- [Exercise details]
In the entries that follow, count each line containing "imports" and state the total, nothing more.

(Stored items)

(* For every instance, $$\mathrm{opt}\text{-}\mathrm{SUM}\le \mathrm{opt}_M\text{-}\mathrm{SUM}\le 2\,\mathrm{opt}\text{-}\mathrm{SUM}\qquad\text{and}\qquad \mathrm{opt}\text{-}\mathrm{MAX}\le \mathrm{opt}_M\text{-}\mathrm{MAX}\le 2\,\mathrm{opt}\text{-}\mathrm{MAX}.$$
   Context: An instance consists of a finite set $E$ of elements with nonnegative weights $(p_e)_{e\in E}$ (normalized $\sum_e p_e=1$ for SUM objectives and $\max_e p_e=1$ for MAX objectives), and $m$ tests; test $i\in[m]$ is a subset $s_i\subseteq E$. A schedule is an infinite test sequence $\sigma_1,\sigma_2,\dots\in[m]$; a stochastic schedule generates it randomly with the distribution of $\sigma_t$ possibly depending on $\sigma_1,\dots,\sigma_{t-1}$; a memoryless schedule draws each $\sigma_t$ independently from a fixed distribution $q$ on $[m]$. Detection time $T(e,t)=\mathbb{E}[1+\min\{h\ge0:e\in s_{\sigma_{t+h}}\}]$, $M_t[e]=\sup_tT(e,t)$, $E_t[e]=\lim_H\frac1H\sum_{t\le H}T(e,t)$. Valid: for every $e$, $M_t[e]<\infty$ and $E_t[e]$ exists, and for every $i$, $\lim_H\frac1H\sum_{t\le H}\Pr[\sigma_t=i]$ exists. $\mathrm{EEP}=\sum_ep_eE_t[e]$, $\mathrm{WEP}=\max_ep_eE_t[e]$. $\mathrm{opt}\text{-}\mathrm{SUM}$ and $\mathrm{opt}\text{-}\mathrm{MAX}$ are the infima of EEP and WEP over valid stochastic schedules; $\mathrm{opt}_M\text{-}\mathrm{SUM}$ and $\mathrm{opt}_M\text{-}\mathrm{MAX}$ are the infima of EEP and WEP over valid memoryless schedules (equal to $\inf_q\sum_ep_e/Q_e$ and $\inf_q\max_ep_e/Q_e$, $Q_e=\sum_{i:e\in s_i}q_i$). *)

theory Defs
  imports "HOL-Probability.Probability"
begin

text \<open>Instance: elements of type 'e with finite carrier E, weights p, tests
  s 0, ..., s (m-1) (test i is the set s i).  Schedules are indexed from time 0.\<close>

definition seq_space :: "(nat \<Rightarrow> nat) measure" where
  "seq_space = PiM UNIV (\<lambda>_::nat. count_space (UNIV::nat set))"

text \<open>A stochastic schedule: an arbitrary probability distribution on infinite
  sequences of tests in [m] (this covers every adaptive sequential randomisation).\<close>
definition stochastic_schedule :: "nat \<Rightarrow> (nat \<Rightarrow> nat) measure \<Rightarrow> bool" where
  "stochastic_schedule m M \<longleftrightarrow> prob_space M \<and> sets M = sets seq_space
      \<and> (AE \<omega> in M. \<forall>t. \<omega> t < m)"

definition memoryless_schedule :: "nat \<Rightarrow> (nat \<Rightarrow> nat) measure \<Rightarrow> bool" where
  "memoryless_schedule m M \<longleftrightarrow>
     (\<exists>q :: nat pmf. set_pmf q \<subseteq> {..<m} \<and> M = PiM UNIV (\<lambda>_::nat. measure_pmf q))"

definition wait_time :: "(nat \<Rightarrow> 'e set) \<Rightarrow> 'e \<Rightarrow> (nat \<Rightarrow> nat) \<Rightarrow> nat \<Rightarrow> ennreal" where
  "wait_time s e \<omega> t =
     (if \<exists>h. e \<in> s (\<omega> (t + h)) then of_nat (Suc (LEAST h. e \<in> s (\<omega> (t + h)))) else \<infinity>)"

definition det_time :: "(nat \<Rightarrow> 'e set) \<Rightarrow> (nat \<Rightarrow> nat) measure \<Rightarrow> 'e \<Rightarrow> nat \<Rightarrow> ennreal" where
  "det_time s M e t = (\<integral>\<^sup>+ \<omega>. wait_time s e \<omega> t \<partial>M)"
(* (i) Let $d$ be even and $R_e=\mathbb Z[u_1,u_2,\dots]$ with $|u_i|=i(d+2)-2$. The formulas $m_i[y|\dots|y]=u_i[1]$ ($i\ge1$), together with the strict unitality conditions for $1$, define a (unital) $A_\infty$ structure $A_e$ on the complex $R_e\cdot 1\oplus R_e\cdot y$, i.e. they satisfy $m\circ m=0$ with no relations among the $u_i$; and for every evenly graded commutative ring $R$ and every Moore algebra $A$ over $R$ of degree $d$ there is a unique graded ring map $f:R_e\to R$ with $f_*A_e=A$. (ii) Let $d$ be odd and $R_o=\mathbb Z[v_1,v_2,\dots]\otimes\mathbb Z[w_1,w_2,\dots]$ with $|v_i|=2i(d+2)-d-3$, $|w_i|=2i(d+2)-2$. The formulas $m_{2i-1}[y|\dots|y]=0$ and $m_{2i}[y|\dots|y]=v_i[y]+w_i[1]$ ($i\ge1$), together with strict unitality for $1$, define a unital $A_\infty$ structure $A_o$ on $R_o\cdot1\oplus R_o\cdot y$ (again $m\circ m=0$ holds with no relations), and for every evenly graded commutative ring $R$ and every Moore algebra $A$ over $R$ of degree $d$ there is a unique graded ring map $f:R_o\to R$ with $f_*A_o=A$.
   Context: Rings are evenly graded commutative. A unital $A_\infty$-algebra over $R$ is a free complex $A$ with a degree $-1$ coderivation $m$ of the tensor coalgebra $T\Sigma A$ ($[a_1|\dots|a_n]$ denoting $\Sigma a_1\otimes\cdots\otimes\Sigma a_n$), with $m^2=0$, $m_0=0$, $m_1$ the suspended differential, and a unit $1$ of degree $0$ with $m_2[1|a]=[a]=(-1)^{|a|}m_2[a|1]$ and $m_i$ ($i\neq2$) vanishing whenever an argument is $1$. A Moore algebra of degree $d$ over $R$ is such an $A_\infty$-algebra whose underlying complex is free on $1$ (degree $0$) and $y$ (degree $d+1$), with differential $\partial y=x\cdot1$ for some $x\in R$; its structure is determined by the elements $m_i[y|\dots|y]$, $i\ge1$. For a graded ring map $f:R\to R'$ and a Moore algebra $A$ over $R$, $f_*A$ is the Moore algebra over $R'$ obtained by applying $f$ to the coefficients of all $m_i[y|\dots|y]$. *)

theory Defs
  imports Main "HOL-Library.Poly_Mapping"
begin

definition evenly_graded :: "(int \<Rightarrow> 'r::comm_ring_1 set) \<Rightarrow> bool" where
  "evenly_graded G \<longleftrightarrow>
     (\<forall>n. 0 \<in> G n \<and> (\<forall>x\<in>G n. \<forall>y\<in>G n. x + y \<in> G n) \<and> (\<forall>x\<in>G n. - x \<in> G n)) \<and>
     1 \<in> G 0 \<and>
     (\<forall>n k x y. x \<in> G n \<longrightarrow> y \<in> G k \<longrightarrow> x * y \<in> G (n + k)) \<and>
     (\<forall>n. odd n \<longrightarrow> G n = {0}) \<and>
     (\<forall>x. \<exists>!c :: int \<Rightarrow> 'r. (\<forall>n. c n \<in> G n) \<and> finite {n. c n \<noteq> 0} \<and>
            x = (\<Sum>n\<in>{n. c n \<noteq> 0}. c n))"
lemma diblock_disjoint_paths:
  assumes "y \<in> diblock H r" "y \<noteq> r" "snd H \<subseteq> fst H \<times> fst H"
  obtains P Q where "path_from_to H r y P" "path_from_to H r y Q"
    "(set P - {r, y}) \<inter> (set Q - {r, y}) = {}"
proof -
  have "bireachable H r y \<or> (r, y) \<in> snd H" using assms(1,2) unfolding diblock_def by blast
  then show thesis
  proof
    assume "(r, y) \<in> snd H"
    then have "path_from_to H r y [r, y]"
      using assms(2,3) unfolding path_from_to_def is_path_def by auto
    then show thesis using that[of "[r, y]" "[r, y]"] by simp
  next
    assume "bireachable H r y"
    then obtain P Q where "path_from_to H r y P" "path_from_to H r y Q" "interior P \<inter> interior Q = {}"
      unfolding bireachable_def by blast
    moreover from this(1,2) have "set P - {r, y} \<subseteq> interior P" "set Q - {r, y} \<subseteq> interior Q"
      by (simp_all add: path_from_to_interior)
    ultimately show thesis using that by blast
  qed
qed

lemma diblock_path_avoiding:
  assumes "y' \<in> diblock H r" "y \<noteq> r" "y \<noteq> y'" "snd H \<subseteq> fst H \<times> fst H" "r \<in> fst H"
  obtains P where "path_from_to H r y' P" "y \<notin> set P"
proof (cases "y' = r")
  case True
  have "path_from_to H r r [r]" using assms(5) unfolding path_from_to_def is_path_def by auto
  then show thesis using that True assms(2) by auto
next
  case False
  obtain P Q where "path_from_to H r y' P" "path_from_to H r y' Q"
    "(set P - {r, y'}) \<inter> (set Q - {r, y'}) = {}"
    by (rule diblock_disjoint_paths[OF assms(1) False assms(4)])
  then have "y \<notin> set P \<or> y \<notin> set Q" using assms(2,3) by blast
  then show thesis using that \<open>path_from_to H r y' P\<close> \<open>path_from_to H r y' Q\<close> by blast
qed

lemma filter_last_split:
  assumes "filter P xs \<noteq> []" "last (filter P xs) = y"
  obtains ys zs where "xs = ys @ y # zs" "P y" "\<forall>z\<in>set zs. \<not> P z"
  using assms
proof (induction xs arbitrary: thesis rule: rev_induct)
  case (snoc x xs)
  show ?case
  proof (cases "P x")
    case True
    then show ?thesis using snoc.prems by (intro snoc.prems(1)[of xs "[]"]) auto
  next
    case False
    then have "filter P xs \<noteq> []" "last (filter P xs) = y" using snoc.prems(2,3) by auto
    then show ?thesis
    proof (rule snoc.IH[rotated])
      fix ys zs assume "xs = ys @ y # zs" "P y" "\<forall>z\<in>set zs. \<not> P z"
      then show ?thesis using False by (intro snoc.prems(1)[of ys "zs @ [x]"]) auto
    qed
  qed
qed simp

lemma cd_node_induced:
  assumes D: "digraph D" and s: "s \<in> fst D" and node: "cd_node D s y Hy"
  shows "fst Hy \<subseteq> fst D" "snd Hy = snd D \<inter> fst Hy \<times> fst Hy" "y \<in> fst Hy"
proof -
  have "fst Hy \<subseteq> fst D \<and> snd Hy = snd D \<inter> fst Hy \<times> fst Hy \<and> y \<in> fst Hy"
    using node
  proof (induction rule: cd_node.induct)
    case root
    have "snd D \<subseteq> fst D \<times> fst D" using D unfolding digraph_def by simp
    then show ?case using s by (simp add: Int_absorb2)
  next
    case (child x Hx y)
    have "snd Hx \<subseteq> fst Hx \<times> fst Hx" "x \<in> fst Hx" using child.IH by auto
    then have "diblock Hx x \<subseteq> fst Hx" by (rule diblock_subset)
    moreover have "y \<in> diblock Hx x" using child.hyps(2) unfolding bottleneck_def by blast
    ultimately have "y \<in> fst Hx" by blast
    moreover have "Xset Hx x y \<subseteq> fst Hx" unfolding Xset_def by blast
    ultimately show ?case using child.IH unfolding induced_def by (simp add: Int_absorb2 Int_assoc) blast
  qed
  then show "fst Hy \<subseteq> fst D" "snd Hy = snd D \<inter> fst Hy \<times> fst Hy" "y \<in> fst Hy" by simp_all
qed

lemma path_from_to_meets_diblock:
  assumes "path_from_to H x v q"
  shows "filter (\<lambda>w. w \<in> diblock H x) q \<noteq> []"
proof -
  have "x \<in> diblock H x" unfolding diblock_def by blast
  then show ?thesis using path_from_to_hd_in[OF assms] by (auto simp: filter_empty_conv)
qed

lemma Xset_path_through:
  assumes "v \<in> Xset H x y" "path_from_to H x v q"
  shows "y \<in> set q"
proof -
  have "last (filter (\<lambda>w. w \<in> diblock H x) q) = y" using assms unfolding Xset_def by blast
  then show ?thesis using last_in_set[OF path_from_to_meets_diblock[OF assms(2)]] by simp
qed

lemma Xset_separated:
  assumes H: "snd H \<subseteq> fst H \<times> fst H" "x \<in> fst H" and "x \<noteq> y" and v: "v \<in> Xset H x y"
  shows "(x, v) \<notin> (snd H \<inter> (fst H - {y}) \<times> (fst H - {y}))\<^sup>*"
proof
  assume "(x, v) \<in> (snd H \<inter> (fst H - {y}) \<times> (fst H - {y}))\<^sup>*"
  moreover have "x \<in> fst H - {y}" using H(2) \<open>x \<noteq> y\<close> by blast
  ultimately obtain q where "path_from_to H x v q" "set q \<subseteq> fst H - {y}"
    using rtrancl_imp_path_from_to[OF H] by metis
  then show False using Xset_path_through[OF v] by blast
qed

- [Problem solution]
2